The High(er) Stakes of the Minimum Wage Debate
This week Congress is set to engage in a highly anticipated debate to raise the federal minimum wage from $5.15 to $7.25, the first possible raise in nine years. As it stands, the debate has focused on the impact of raising the minimum wage on employers and low-wage earners. Less attention has been focused on the recent explosion of the payday loan industry and its impact on low-wage families. The high fee and exorbitant interest rates of the industry continue to trap many low-wage earners and their families. Raising the minimum wage could increase families’ ability to save and help put a dent in their debt. Rethinking the low-wage structure is not just about allowing families to better afford life’s essentials; it’s also about protecting them from a debt trap that could forever hold them back from achieving the American dream.
The payday industry offers small-sum (between $200 and $500), high-fee ($15 to $35), short-term loans (generally two weeks) that result in annual percentage rates (APRs) that often equal or exceed 400%. Borrowers do not need to prove that they can pay back the loan within two weeks — only that they are able to produce a post-dated check, have some source of income and a checking account. The industry has exploded in the last decade, reporting $10 billion in sales in 2000 to $40 billion, including $6 billion in interest rates and fees, in 2003.
Because of the high-risk terms, borrowers often get caught in a vicious cycle of chronic debt. When they cannot afford to pay back the fees plus the principal at the end of the two week period, borrowers are forced to pay another high fee to roll over the loan for an additional two weeks or take out another loan to pay off the first loan, thereby getting trapped in a costly and often devastating cycle of “back-to-back” loans. Borrowers who renew their loans or take out multiple new loans often pay more in fees than they initially borrowed.
With such high-cost terms, repeat use of payday loans is often a debt trap for many families. A study published by North Carolina’s Center for Responsible Lending (CRL) finds that 91% of all payday loans are made to repeat borrowers who take out five or more payday loans per year. CRL further estimates that nearly five million borrowers are caught in this cycle of chronic repeat borrowing every year, costing low to moderate income families $3.4 billion in high fees and interest rates. The double whammy of stagnant wages and high costs suggests even a slight increase in wages that allowed families to put aside a small amount of savings could loosen the grips of chronic high-cost debt
While the industry continues to grow, states across the country have tried to regulate the industry with little success. Even states that have tried to implement all out industry bans, like North Carolina, have seen a nimble industry respond by peddling a new high-interest loan product called a “credit enhancement loan.”

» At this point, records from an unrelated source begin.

lemma card_labelled_configs:
  assumes "\<gamma> \<noteq> []" "sorted_wrt (\<ge>) \<gamma>" "\<forall>x\<in>set \<gamma>. 0 < x"
  shows "card (labelled_configs n d \<gamma>) = lambda_count n d \<gamma> * (\<Prod>k=1..d. fact (mult_part k \<gamma>))"
proof -
  let ?L = "{1..length \<gamma>}" and ?Target = "{T \<in> Lset n d. gammaT d T = \<gamma>}"
  have "finite ?Target"
    by (rule finite_subset[of _ "Pow (Pow {1..n})"]) (auto simp: Lset_def)
  have "f ` ?L \<in> ?Target" if "f \<in> labelled_configs n d \<gamma>" for f
    using labelled_config_image_in_Lset[OF that assms(3)] gammaT_labelled_config_image[OF that assms(3,1,2)]
    by simp
  then have "labelled_configs n d \<gamma> = (\<Union>T\<in>?Target. {f \<in> labelled_configs n d \<gamma>. f ` ?L = T})"
    by auto
  also have "card \<dots> = (\<Sum>T\<in>?Target. card {f \<in> labelled_configs n d \<gamma>. f ` ?L = T})"
    by (rule card_UN_disjoint) (use \<open>finite ?Target\<close> finite_labelled_configs in auto)
  also have "\<dots> = card ?Target * (\<Prod>k=1..d. fact (mult_part k \<gamma>))"
    using card_labelled_configs_onto assms(3) by simp
  finally show ?thesis by (simp add: lambda_count_def)
qed

theorem proposition4p7:
  fixes n d :: nat and \<gamma> :: "nat list"
  assumes "n > d"
    and "\<gamma> \<noteq> []"
    and "sorted_wrt (\<ge>) \<gamma>"
    and "\<forall>x\<in>set \<gamma>. x > 0"
  shows "real (lambda_count n d \<gamma>)
           = (1 / (\<Prod>k=1..d. real (fact (mult_part k \<gamma>))))
             * (\<Sum>\<nu>\<in>Nset n d \<gamma>.
                  real (fact n) / (\<Prod>I\<in>Pow {1..length \<gamma>}. real (fact (\<nu> I))))
       \<and> (1 / (\<Prod>k=1..d. real (fact (mult_part k \<gamma>))))
             * (\<Sum>\<nu>\<in>Nset n d \<gamma>.
                  real (fact n) / (\<Prod>I\<in>Pow {1..length \<gamma>}. real (fact (\<nu> I))))
         = (1 / (\<Prod>k=1..d. real (fact (mult_part k \<gamma>))))
             * (\<Sum>\<nu>\<in>Nset n d \<gamma>.
                  real (fact (\<Sum>I\<in>Pow {1..length \<gamma>} - {{}}. \<nu> I))
                    / (\<Prod>I\<in>Pow {1..length \<gamma>} - {{}}. real (fact (\<nu> I)))
                  * real (n choose (\<Sum>I\<in>Pow {1..length \<gamma>} - {{}}. \<nu> I)))"
proof -
  let ?m = "\<Prod>k=1..d. real (fact (mult_part k \<gamma>))" and ?P = "Pow {1..length \<gamma>}"
  have "real (lambda_count n d \<gamma>) * ?m = real (card (labelled_configs n d \<gamma>))"
    using card_labelled_configs[OF assms(2-4)] by (metis of_nat_mult of_nat_prod)
  moreover have "?m \<noteq> 0" by (simp add: prod_zero_iff)
  ultimately have lambda: "real (lambda_count n d \<gamma>) = 1 / ?m * real (card (labelled_configs n d \<gamma>))"
    by (simp add: field_simps)
  have split: "(\<Sum>\<nu>\<in>Nset n d \<gamma>. real (fact n) / (\<Prod>I\<in>?P. real (fact (\<nu> I))))
    = (\<Sum>\<nu>\<in>Nset n d \<gamma>. real (fact (\<Sum>I\<in>?P - {{}}. \<nu> I)) / (\<Prod>I\<in>?P - {{}}. real (fact (\<nu> I)))
        * real (n choose (\<Sum>I\<in>?P - {{}}. \<nu> I)))"
    by (rule sum.cong[OF refl], rule multinomial_split_off) (auto simp: Nset_def)
  show ?thesis
    unfolding lambda real_card_labelled_configs split by (rule conjI refl)+
qed

end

Moving the discussion from how to regulate industry to what drives borrowers to payday lenders in the first place may be a more successful public policy strategy. Data from North Carolina suggest that a family’s dependence on payday lenders decreases when wages increase. Even a small increase in wages may provide the cushion families need to stay away from high-interest lenders. The current bill raises the minimum wage from $5.15 to $7.25 an hour, giving a worker an additional $4,200 over the course of a year. Assuming a family puts a percentage of this increase in income towards outstanding payday debt, even a dollar increase could help reduce a low-income family’s debt by as much as $350 over the average length of a typical loan — a significant amount for a family living paycheck to paycheck. Higher increases in low wages could also improve a family’s ability to access low interest loans, eliminating the need for payday loans.
The high risk and potential debt traps posed by the payday industry are extra incentive to provide low wage workers with higher, more reasonable wages and ensure greater access to the country’s middle class.